Lest We Forget
I think that, as life is action and passion, it is required of a man that he should share the passion and action of his time at peril of being judged not to have lived. … A thousand events we have known are called up, I say, by accident, and apart from accident, may be forgotten. – Oliver Wendell Holmes, 1884
These words of the famed justice at a time when we have just commemorated the brave deeds of fallen heroes reminded me of a particular memorial that should be of interest to our community and seems to be forgotten today.
In the past month everywhere around the world, people observed “a time of remembering” similar to ours, and we Americans have always continued a custom that is almost as old as time itself, honoring the dead.
In the past month we have celebrated Armed Forces Day, National Maritime Day, and Memorial Day, a time to pause, reflect and honor those who served our country well.
In particular, I am thinking of one site, or tiny “park,” in Bayside that has had a long history of traditional ceremonies to honor the deed of one of our early heroes. He has not been forgotten through the years, but the ceremony that had been a community tradition for more than 30 years has not been held for the past two years.
However, plans are already in order to reinstate this ceremony. The memorial of which I speak is a small triangular park at 48th Avenue (formerly Rocky Hill Road) and 216th Street, designated many years ago as Dermody Square.
Shortly after the Civil War, in 1866, Mrs. James O’Donnell set aside that portion of her family’s farm in honor of her brother, Capt. William Dermody. The Dermody family had emigrated from Nova Scotia, Canada in the early 1800s. Dermody operated a stage-coach line in Bayside.
An ardent abolitionist, he left his home in Bayside and his business to join the 67th Regiment, Long Island Volunteers. He attained the rank of captain on Nov. 21, 1862. His regiment was attached to the Army of the Potomac, which saw major action including Fredericksburg, Gettysburg and the Wilderness Campaign.
Unfortunately, Dermody was mortally wounded during the attack on the “Bloody Angle” on May 12, 1864 in the battle of Spotsylvania Courthouse, Va. He was the first Baysider to die in the war.
A small two-room schoolhouse stood on the plot that Dermody’s sister wished to have set aside in his honor, and in 1866, soon after the war, a group of citizens met in the school and held a memorial ceremony. At the time, two trees were planted in the square: a maple to represent the North and a sycamore to represent the South, symbolizing the hope for a “better union.”
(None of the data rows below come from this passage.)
(* Let $U,W$ be smooth on $\mathbb R^d$ with $\nu(dx)=e^{-W}dx$ and $\mu(dx)=e^{-(U+W)}dx$ probability measures, and assume $\nu$ satisfies a weighted Poincaré inequality with weight $\omega$ and constant $C_{P,\omega}(\nu)$. Suppose there exists $\varepsilon>0$ such that $s:=\sup_xC_{P,\omega}(\nu)\frac{1+\varepsilon}{4}|\nabla U(x)|^2\omega^2(x)<1$. Then $\mu$ satisfies a weighted Poincaré inequality with weight $\omega$ and $C_{P,\omega}(\mu)\le\frac{(1+\varepsilon^{-1})C_{P,\omega}(\nu)}{1-s}$.
   Context: A probability measure $\mu$ satisfies a weighted Poincaré inequality with weight $\omega\ge0$ and constant $C_{P,\omega}(\mu)$ if for all smooth $f$, $\mathrm{Var}_\mu(f)\le C_{P,\omega}(\mu)\int|\nabla f|^2\omega^2d\mu$. *)

theory Defs
  imports "HOL-Analysis.Analysis" "HOL-Probability.Probability"
begin

text \<open>Smooth (C-infinity) real-valued functions on a Euclidean space: f belongs to a
  family of everywhere Frechet-differentiable functions that is closed under taking
  partial derivatives along the basis directions. (Differentiability implies
  continuity, so all iterated partial derivatives exist and are continuous.)\<close>
definition smooth :: "('a::euclidean_space \<Rightarrow> real) \<Rightarrow> bool" where
  "smooth f \<longleftrightarrow> (\<exists>F. f \<in> F \<and>
     (\<forall>g\<in>F. (\<forall>x. g differentiable (at x)) \<and>
        (\<forall>b\<in>Basis. (\<lambda>x. frechet_derivative g (at x) b) \<in> F)))"

definition grad :: "('a::euclidean_space \<Rightarrow> real) \<Rightarrow> 'a \<Rightarrow> 'a" where
  "grad f x = (\<Sum>b\<in>Basis. frechet_derivative f (at x) b *\<^sub>R b)"

text \<open>Variance of f under M, as an extended nonnegative real (infinite if f is not
  square integrable).\<close>
definition Var :: "'a measure \<Rightarrow> ('a \<Rightarrow> real) \<Rightarrow> ennreal" where
  "Var M f = (\<integral>\<^sup>+ x. ennreal ((f x - (\<integral> y. f y \<partial>M))\<^sup>2) \<partial>M)"

definition weighted_poincare :: "'a::euclidean_space measure \<Rightarrow> ('a \<Rightarrow> real) \<Rightarrow> real \<Rightarrow> bool" where
  "weighted_poincare M w C \<longleftrightarrow>
     (\<forall>f. smooth f \<longrightarrow>
        Var M f \<le> ennreal C * (\<integral>\<^sup>+ x. ennreal ((norm (grad f x))\<^sup>2 * (w x)\<^sup>2) \<partial>M))"

end

theory Submission
  imports Defs
begin

text \<open>Conjugation by the density reduces the inequality for \<open>\<mu> = exp(-U) \<nu>\<close> to the
  one for \<open>\<nu>\<close>. For smooth \<open>g\<close> put \<open>h = (g - c) exp(-U/2)\<close>, with \<open>c\<close> chosen so that
  \<open>h\<close> has \<open>\<nu>\<close>-mean zero. Then \<open>Var\<^sub>\<nu> h = \<integral>(g - c)\<^sup>2 d\<mu>\<close> and
  \<open>grad h = exp(-U/2) (grad g - (g - c) grad U / 2)\<close>, so the Poincare inequality for \<open>\<nu>\<close>
  and Young's inequality \<open>|a - b|\<^sup>2 \<le> (1 + 1/\<epsilon>) |a|\<^sup>2 + (1 + \<epsilon>) |b|\<^sup>2\<close> give
  \<open>\<integral>(g - c)\<^sup>2 d\<mu> \<le> (1 + 1/\<epsilon>) C \<integral>|grad g|\<^sup>2 w\<^sup>2 d\<mu> + s \<integral>(g - c)\<^sup>2 d\<mu>\<close>; the last
  term is absorbed because \<open>s < 1\<close>. Absorption needs \<open>\<integral>(g - c)\<^sup>2 d\<mu> < \<infinity>\<close>, so this is
  done for bounded \<open>g\<close>. A general \<open>f\<close> is approximated by the bounded smooth functions
  \<open>f exp(-f\<^sup>2/N)\<close>, whose gradients are dominated by \<open>grad f\<close>; their centres stay
  bounded, and Fatou's lemma along a convergent subsequence of centres gives the
  inequality for \<open>f\<close>.\<close>

lemma
  assumes "smooth f"
  shows smooth_differentiable: "f differentiable (at x)"
    and smooth_partial_derivative: "b \<in> Basis \<Longrightarrow> smooth (\<lambda>x. frechet_derivative f (at x) b)"
  using assms unfolding smooth_def by blast+

lemma smooth_coinduct:
  fixes G :: "('a::euclidean_space \<Rightarrow> real) set"
  assumes "\<And>g x. g \<in> G \<Longrightarrow> g differentiable (at x)"
    and "\<And>g b. g \<in> G \<Longrightarrow> b \<in> Basis \<Longrightarrow>
           (\<lambda>x. frechet_derivative g (at x) b) \<in> G \<or> smooth (\<lambda>x. frechet_derivative g (at x) b)"
    and "f \<in> G"
  shows "smooth f"
  unfolding smooth_def
proof (intro exI[of _ "G \<union> Collect smooth"] conjI ballI allI)
  show "f \<in> G \<union> Collect smooth" using assms(3) by simp
next
  fix g :: "'a \<Rightarrow> real" and x assume "g \<in> G \<union> Collect smooth"
  then show "g differentiable (at x)" using assms(1) smooth_differentiable by auto
next
  fix g :: "'a \<Rightarrow> real" and b :: 'a assume "g \<in> G \<union> Collect smooth" "b \<in> Basis"
  then show "(\<lambda>x. frechet_derivative g (at x) b) \<in> G \<union> Collect smooth"
    using assms(2) smooth_partial_derivative by auto
qed

lemma frechet_derivative_eqI: "(f has_derivative D) (at x) \<Longrightarrow> frechet_derivative f (at x) b = D b"
  by (metis frechet_derivative_at)

lemma smooth_has_derivative: "smooth f \<Longrightarrow> (f has_derivative frechet_derivative f (at x)) (at x)"
  using frechet_derivative_works smooth_differentiable by blast

lemma smooth_const: "smooth (\<lambda>x. c)"
proof (rule smooth_coinduct[where G = "range (\<lambda>c x. c)"])
  fix g :: "'a \<Rightarrow> real" and b :: 'a assume "g \<in> range (\<lambda>c x. c)"
  then obtain c where g: "g = (\<lambda>x. c)" by blast
  have "frechet_derivative g (at x) b = 0" for x
    unfolding g by (rule frechet_derivative_eqI) (rule has_derivative_const)
  then show "(\<lambda>x. frechet_derivative g (at x) b) \<in> range (\<lambda>c x. c) \<or>
      smooth (\<lambda>x. frechet_derivative g (at x) b)"
    by auto
qed auto

lemma smooth_add:
  assumes "smooth f" "smooth g"
  shows "smooth (\<lambda>x. f x + g x)"
proof (rule smooth_coinduct[where G = "{(\<lambda>x. f x + g x) | f g. smooth f \<and> smooth g}"])
  fix h :: "'a \<Rightarrow> real" and b :: 'a and x
  assume "h \<in> {(\<lambda>x. f x + g x) | f g. smooth f \<and> smooth g}"
  then obtain f g where h: "h = (\<lambda>x. f x + g x)" and fg: "smooth f" "smooth g" by blast
  show "h differentiable (at x)"
    unfolding h using fg by (intro differentiable_add) (auto intro: smooth_differentiable)
  assume b: "b \<in> Basis"
  have "frechet_derivative h (at x) b = frechet_derivative f (at x) b + frechet_derivative g (at x) b" for x
    unfolding h by (rule frechet_derivative_eqI, rule has_derivative_add)
      (use fg smooth_has_derivative in auto)
  then show "(\<lambda>x. frechet_derivative h (at x) b) \<in> {(\<lambda>x. f x + g x) | f g. smooth f \<and> smooth g} \<or>
      smooth (\<lambda>x. frechet_derivative h (at x) b)"
    by (intro disjI1 CollectI exI[of _ "\<lambda>x. frechet_derivative f (at x) b"]
        exI[of _ "\<lambda>x. frechet_derivative g (at x) b"])
      (use fg smooth_partial_derivative[OF _ b] in auto)
qed (use assms in auto)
In later years, the little school was moved near Bell Boulevard and 46th Avenue. It was the predecessor of PS 31. As the years went by, the trees that had been planted “for a better union” failed to flourish, and their symbolism was soon forgotten.
The records of the park and its history were recovered by then Public Works Commissioner John Halleran, and in 1935 a group of public-spirited citizens of Bayside decided to rededicate the forgotten site and plant new trees.
The huge boulder that marked the spot was unveiled and inscribed, and the children of PS 31 took part in the pageant that preceded the ceremonies.
Years passed and the memorial was vandalized. In 1973, the Bayside Historical Society decided to restore it. The society’s members purchased a bronze plaque in cooperation with the Dermody relatives, the Bayside Hills Civic Association and the Catholic War Veterans of St. Robert Bellarmine’s Church nearby.
A dedication ceremony was again held by the society with its founder and president, Joseph H. Brown, presiding. From that time on until the present the society held an annual ceremony at the site.
The legend on the Dermody Memorial Plaque read:
“1830 Captain William C. Dermody, 1864.
Died in action at Spotsylvania, Va. during the Civil War. This plot, then part of the James O’Donnell farm, was set aside in 1866 by Mrs. James O’Donnell as a memorial to her brother, Capt. Dermody, and named Dermody Square in his honor. The boulder was unveiled during rededication in 1935.”
(Plans are being made to replace the missing legend above.) Dermody’s name also is engraved on the Civil War Monument on Northern Boulevard in Flushing. He is buried in his family’s grave site at Mount St. Mary’s Cemetery in Flushing.
Joan Brown Wettingfeld is a historian, and free-lance writer.